Segment Start: STUDY MATERIAL

lemma agg_fun_comp2:
  assumes g1: "agg_fun n g1" and g2: "agg_fun n g2"
    and "\<And>u u' v v'. u \<le> u' \<Longrightarrow> v \<le> v' \<Longrightarrow> \<phi> u v \<le> \<phi> u' v'"
    and "\<And>u v. u \<in> {0..1} \<Longrightarrow> v \<in> {0..1} \<Longrightarrow> \<phi> u v \<in> {0..1}"
    and "\<phi> 0 0 = 0" "\<phi> 1 1 = 1"
  shows "agg_fun n (restrict (\<lambda>x. \<phi> (g1 x) (g2 x)) (cube n))"
  using assms agg_funD[OF g1] agg_funD[OF g2] by (intro agg_fun_restrictI) auto

lemma chi_mono: "0 \<le> a \<Longrightarrow> u \<le> v \<Longrightarrow> chi a u \<le> chi a v"
  unfolding chi_def by auto

lemma Med_mono: "x \<le> x' \<Longrightarrow> y \<le> y' \<Longrightarrow> Med b x y \<le> Med b x' y'"
  unfolding Med_def med3_def by linarith

lemma agg_fun_chi:
  assumes "agg_fun n g" "a \<in> {0..1}"
  shows "agg_fun n (restrict (\<lambda>x. chi a (g x)) (cube n))"
  using assms by (intro agg_fun_comp2[of n g g "\<lambda>u v. chi a u"])
    (auto simp: chi_mono, auto simp: chi_def)

lemma agg_fun_Med:
  assumes "agg_fun n g1" "agg_fun n g2" "b \<in> {0..1}"
  shows "agg_fun n (restrict (\<lambda>x. Med b (g1 x) (g2 x)) (cube n))"
  using assms by (intro agg_fun_comp2 Med_mono) (auto simp: Med_def med3_def)

lemma agg_fun_SUP:
  assumes I: "I \<noteq> {}" and G: "\<And>i. i \<in> I \<Longrightarrow> agg_fun n (G i)"
  shows "agg_fun n (restrict (\<lambda>x. SUP i\<in>I. G i x) (cube n))"
proof (rule agg_fun_restrictI)
  have range: "G i x \<in> {0..1}" if "x \<in> cube n" "i \<in> I" for x i
    using that G agg_fun_range by blast
  then have bdd: "bdd_above ((\<lambda>i. G i x) ` I)" if "x \<in> cube n" for x
    using that by (auto simp: bdd_above_def)
  obtain i0 where i0: "i0 \<in> I" using I by blast
  show "(SUP i\<in>I. G i x) \<in> {0..1}" if x: "x \<in> cube n" for x
  proof -
    have "0 \<le> (SUP i\<in>I. G i x)"
      using range[OF x i0] by (intro cSUP_upper2[OF bdd[OF x] i0]) auto
    moreover have "(SUP i\<in>I. G i x) \<le> 1"
      using range[OF x] I by (intro cSUP_least) auto
    ultimately show ?thesis by simp
  qed
  show "(SUP i\<in>I. G i x) \<le> (SUP i\<in>I. G i (x(j := t)))"
    if x: "x \<in> cube n" and "j < n" "x j \<le> t" "t \<le> 1" for x j t
  proof -
    have "x(j := t) \<in> cube n"
      using that cube_memD[OF x] by (intro cube_upd) (auto intro: order_trans)
    then show ?thesis
      using that I bdd G by (intro cSUP_mono) (auto intro: agg_fun_upd_mono)
  qed
  show "(SUP i\<in>I. G i (\<lambda>i\<in>{..<n}. 0)) = 0"
    using I by (simp add: G agg_fun_bot cong: SUP_cong)
  show "(SUP i\<in>I. G i (\<lambda>i\<in>{..<n}. 1)) = 1"
    using I by (simp add: G agg_fun_top cong: SUP_cong)
qed

lemma Cgen_imp_agg_fun: "(n, g) \<in> Cgen \<Longrightarrow> agg_fun n g"
proof (induction n g rule: Cgen.induct)
  case (proj i n)
  then show ?case by (rule agg_fun_proj)
next
  case (chi n g a)
  then show ?case by (intro agg_fun_chi)
next
  case (med n g1 g2 b)
  then show ?case by (intro agg_fun_Med) auto
next
  case (sup I n G)
  then show ?case by (intro agg_fun_SUP)
qed
(* The problem is stated for graphs on natural numbers; the instance is built on the datatype
   and transported along the injection to_nat. *)
abbreviation enc :: "node \<Rightarrow> nat" where
  "enc \<equiv> to_nat"

definition inst_V :: "nat \<Rightarrow> nat \<Rightarrow> vtx set" where
  "inst_V K n = enc ` nodes K n"

definition inst_E :: "nat \<Rightarrow> edge set" where
  "inst_E K = map_prod enc enc ` arcs K"

definition inst_L :: "nat \<Rightarrow> nat \<Rightarrow> nat \<Rightarrow> vtx set" where
  "inst_L K n i = enc ` layer K n i"

lemma inj_enc: "inj enc"
  by (rule inj_to_nat)

lemma node_classes_image:
  "hubs K = case_prod Hub ` ({..<K} \<times> {..<K^2})"
  "mids K = (\<lambda>(u, j, l). Mid u j l) ` ({..<K} \<times> {..<K^2} \<times> {..<K^2})"
  "leaves K = (\<lambda>(u, j, l). Leaf u j l) ` ({..<K} \<times> {..<K^2} \<times> {..<K^2})"
  "shared K = (\<lambda>(u, j, t). Shared u j t) ` ({..<K} \<times> {..<K^2} \<times> {..<K})"
  unfolding hubs_def mids_def leaves_def shared_def by (auto simp: image_iff)

lemma finite_nodes: "finite (nodes K n)"
  unfolding nodes_def pads_def node_classes_image by simp

lemma finite_arcs: "finite (arcs K)"
proof -
  have "arcs K \<subseteq> nodes K 0 \<times> nodes K 0"
    unfolding arcs_def nodes_def hubs_def mids_def leaves_def shared_def by auto
  then show ?thesis
    using finite_nodes finite_subset by blast
qed
(* Let $H$ be a group which is the union of finitely many subsets $S_1,\dots,S_n$: $H=\bigcup_{i=1}^n S_i$. For each $i$ set $C_i:=\langle ab^{-1}\mid a,b\in S_i\rangle$. Then at least one of the subgroups $C_1,\dots,C_n$ has index at most $n$ in $H$. *)

theory Defs
  imports "HOL-Algebra.Algebra"
begin

end

theory Submission
  imports Defs
begin

(*
  B. H. Neumann's covering lemma: if a group G is the union of finitely many right cosets
  H_1 g_1, ..., H_m g_m, then some H_j has finite index at most m.  The theorem follows by
  applying this to the cover S_i \<subseteq> C_i g_i (any g_i \<in> S_i), since C_i contains a b^-1 for a, b \<in> S_i.

  After some counting facts about cosets (translation invariance,
  multiplicativity of the index, Poincare's theorem on intersections) the proof has three steps:
  1. G is never covered by finitely many cosets of infinite-index subgroups;
  2. hence the cosets of finite-index subgroups in a cover already cover G;
  3. counting cosets of the intersection D of these subgroups gives [G:D] <= sum_j [G:D]/[G:H_j],
     so some [G:H_j] <= m.
*)

lemma pigeonhole_index:
  fixes c a :: "'j \<Rightarrow> nat"
  assumes "finite J" and "0 < N" and "N \<le> (\<Sum>j\<in>J. c j)"
    and "\<And>j. j \<in> J \<Longrightarrow> c j * a j = N"
  shows "\<exists>j\<in>J. a j \<le> card J"
proof (rule ccontr)
  assume "\<not> ?thesis"
  then have big: "card J + 1 \<le> a j" if "j \<in> J" for j
    using that by fastforce
  have "(card J + 1) * N \<le> (card J + 1) * (\<Sum>j\<in>J. c j)"
    using assms(3) by (rule mult_le_mono2)
  also have "\<dots> = (\<Sum>j\<in>J. (card J + 1) * c j)"
    by (rule sum_distrib_left)
  also have "\<dots> \<le> (\<Sum>j\<in>J. a j * c j)"
    using big by (intro sum_mono mult_right_mono) auto
  also have "\<dots> = card J * N"
    using assms(4) by (simp add: mult.commute)
  finally show False
    using assms(2) by simp
qed

lemma finite_image_through:
  assumes "finite (g ` A)"
    and "\<And>x y. x \<in> A \<Longrightarrow> y \<in> A \<Longrightarrow> g x = g y \<Longrightarrow> f x = f y"
  shows "finite (f ` A)"
proof -
  define h where "h v = (SOME x. x \<in> A \<and> g x = v)" for v
  have h: "h (g a) \<in> A \<and> g (h (g a)) = g a" if "a \<in> A" for a
    unfolding h_def by (rule someI[of _ a]) (simp add: that)
  have "f ` A \<subseteq> (f \<circ> h) ` (g ` A)"
  proof
    fix u assume "u \<in> f ` A"
    then obtain a where a: "a \<in> A" "u = f a"
      by blast
    have "f (h (g a)) = f a"
      using h[OF a(1)] a(1) by (intro assms(2)) auto
    then have "u = (f \<circ> h) (g a)"
      using a(2) by simp
    then show "u \<in> (f \<circ> h) ` (g ` A)"
      using a(1) by blast
  qed
  then show ?thesis
    using assms(1) finite_subset by blast
qed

Segment End: STUDY MATERIAL

(WHAT YOU ARE ASKED TO DO):
For each line of the data that includes the word "definition", return a copy of it.

(YOUR SOLUTION):
definition inst_V :: "nat \<Rightarrow> nat \<Rightarrow> vtx set" where
definition inst_E :: "nat \<Rightarrow> edge set" where
definition inst_L :: "nat \<Rightarrow> nat \<Rightarrow> nat \<Rightarrow> vtx set" where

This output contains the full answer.